(* For every $X\in\overline\Omega_{1/6}$, $$h(\mathcal{P}_{\mathcal{S}_{n,p}}(X))\le h(X)-\Big(\frac\beta4-\frac{M_1}{2}\Big)\|X^\top X-I_p\|_F^2 .$$
   Context: $f:\mathbb{R}^{n\times p}\to\mathbb{R}$ ($n\ge p$) is differentiable with $f,\nabla f$ locally Lipschitz. $\mathcal{A}(X):=\frac32I_p-\frac12X^\top X$, $h(X):=f(X\mathcal{A}(X))+\frac\beta4\|X^\top X-I_p\|_F^2$ with $\beta>0$, $G(X):=\nabla f(Y)|_{Y=X\mathcal{A}(X)}$. $\overline\Omega_r:=\{X\in\mathbb{R}^{n\times p}:\|X^\top X-I_p\|_F\le r\}$; $\Omega:=\{X:\|X\|_2\le1+\frac1{12}\}$; $M_1:=\sup_{X\in\Omega}\|G(X)\|_F$. For $X$ of full column rank with economic SVD $X=U\Sigma V^\top$ ($U\in\mathbb{R}^{n\times p}$, $V\in\mathbb{R}^{p\times p}$ with orthonormal columns, $\Sigma$ diagonal), $\mathcal{P}_{\mathcal{S}_{n,p}}(X):=UV^\top$, the orthogonal projection onto the Stiefel manifold $\mathcal{S}_{n,p}=\{X:X^\top X=I_p\}$. *)

theory Defs
  imports "HOL-Analysis.Analysis"
begin

text \<open>Matrices in R^(n x p) are modelled as real^'p^'n (rows indexed by 'n, columns by 'p).
  The norm on this type is the Frobenius norm and the inner product is the Frobenius one.\<close>

definition locally_lipschitz :: "('a::metric_space \<Rightarrow> 'b::metric_space) \<Rightarrow> bool" where
  "locally_lipschitz g \<longleftrightarrow> (\<forall>x. \<exists>e>0. \<exists>L. L-lipschitz_on (ball x e) g)"

definition calA :: "real^'p^'n \<Rightarrow> real^'p^'p" where
  "calA X = (3/2) *\<^sub>R mat 1 - (1/2) *\<^sub>R (transpose X ** X)"

definition hfun :: "(real^'p^'n \<Rightarrow> real) \<Rightarrow> real \<Rightarrow> real^'p^'n \<Rightarrow> real" where
  "hfun f \<beta> X = f (X ** calA X) + \<beta> / 4 * (norm (transpose X ** X - mat 1))\<^sup>2"

definition spec_norm :: "real^'p^'n \<Rightarrow> real" where
  "spec_norm X = onorm (\<lambda>v. X *v v)"

definition stiefel_proj :: "real^'p^'n \<Rightarrow> real^'p^'n" where
  "stiefel_proj X = (SOME Q. \<exists>(U::real^'p^'n) (V::real^'p^'p) (S::real^'p^'p).
      transpose U ** U = mat 1 \<and> transpose V ** V = mat 1 \<and>
      (\<forall>i j. i \<noteq> j \<longrightarrow> S $ i $ j = 0) \<and> (\<forall>i. S $ i $ i \<ge> 0) \<and>
      X = U ** S ** transpose V \<and> Q = U ** transpose V)"

end

theory Submission
  imports Defs
begin

text \<open>
  Since X^T X is close to I, X has full column rank and an SVD X = U diag(s) V^T with
  singular values s_i near 1; then P(X) = U V^T lies on the Stiefel manifold, where h
  reduces to f, and X A(X) = U diag(phi(s)) V^T with phi(s) = s (3 - s^2) / 2.
  As 1 - phi(s) = (1 - s)^2 (2 + s) / 2 <= (s^2 - 1)^2 / 2, the distance from X A(X) to
  P(X) is at most |X^T X - I|^2 / 2. Because phi maps [0,1] onto [0,1], every point of the
  segment between them is W A(W) for some W of spectral norm at most 1, so the mean value
  inequality gives f(P(X)) <= f(X A(X)) + M_1 |X^T X - I|^2 / 2.
\<close>

definition diag_mat :: "('p \<Rightarrow> real) \<Rightarrow> real^'p^'p" where
  "diag_mat d = (\<chi> i j. if i = j then d i else 0)"

lemma diag_mat_component [simp]: "diag_mat d $ i $ j = (if i = j then d i else 0)"
  by (simp add: diag_mat_def)

lemma transpose_diag_mat [simp]: "transpose (diag_mat d) = diag_mat d"
  by (simp add: vec_eq_iff transpose_def)

lemma matrix_mul_diag_mat_component: "(A ** diag_mat d) $ i $ j = A $ i $ j * d j"
  by (simp add: matrix_matrix_mult_def if_distrib cong: if_cong)

lemma diag_mat_mul: "diag_mat a ** diag_mat b = diag_mat (\<lambda>i. a i * b i)"
  by (simp add: vec_eq_iff matrix_mul_diag_mat_component)

lemma diag_mat_one [simp]: "diag_mat (\<lambda>_. 1) = mat 1"
  by (simp add: vec_eq_iff mat_def)
lemma has_real_derivative_frac_pow [derivative_intros]:
  assumes "(g has_real_derivative g') (at x within s)" and "0 < g x"
  shows "((\<lambda>x. frac_pow \<alpha> (g x)) has_real_derivative frac_pow' \<alpha> (g x) * g') (at x within s)"
  unfolding frac_pow_def frac_pow'_def using assms
  by (auto intro!: derivative_eq_intros)

lemma has_real_derivative_frac_pow' [derivative_intros]:
  assumes "(g has_real_derivative g') (at x within s)" and "0 < g x"
  shows "((\<lambda>x. frac_pow' \<alpha> (g x)) has_real_derivative frac_pow'' \<alpha> (g x) * g') (at x within s)"
  unfolding frac_pow'_def frac_pow''_def using assms
  by (auto intro!: derivative_eq_intros)

lemma has_real_derivative_frac_pow_int [derivative_intros]:
  assumes "(g has_real_derivative g') (at x within s)" and "0 < g x" and "\<alpha> < 2"
  shows "((\<lambda>x. frac_pow_int \<alpha> (g x)) has_real_derivative frac_pow \<alpha> (g x) * g') (at x within s)"
  unfolding frac_pow_int_def frac_pow_def using assms
  by (auto intro!: derivative_eq_intros simp: diff_diff_eq2)

(* frac_pow_int is an antiderivative of frac_pow, so bcoef_unif r is the error of the trapezoidal
   rule for frac_pow on [r, r + 1]. *)
definition bcoef_unif :: "real \<Rightarrow> real \<Rightarrow> real" where
  "bcoef_unif \<alpha> r =
     frac_pow_int \<alpha> (r + 1) - frac_pow_int \<alpha> r - (frac_pow \<alpha> r + frac_pow \<alpha> (r + 1)) / 2"

definition ccoef_mid_unif :: "real \<Rightarrow> real \<Rightarrow> real" where
  "ccoef_mid_unif \<alpha> r = frac_pow \<alpha> (r + 1) - frac_pow \<alpha> r + bcoef_unif \<alpha> (r + 1) - bcoef_unif \<alpha> r"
+--
TO DO
Look through the entries above; copy every line holding the string "forall".

EXERCISE ANSWER
  "locally_lipschitz g \<longleftrightarrow> (\<forall>x. \<exists>e>0. \<exists>L. L-lipschitz_on (ball x e) g)"
      (\<forall>i j. i \<noteq> j \<longrightarrow> S $ i $ j = 0) \<and> (\<forall>i. S $ i $ i \<ge> 0) \<and>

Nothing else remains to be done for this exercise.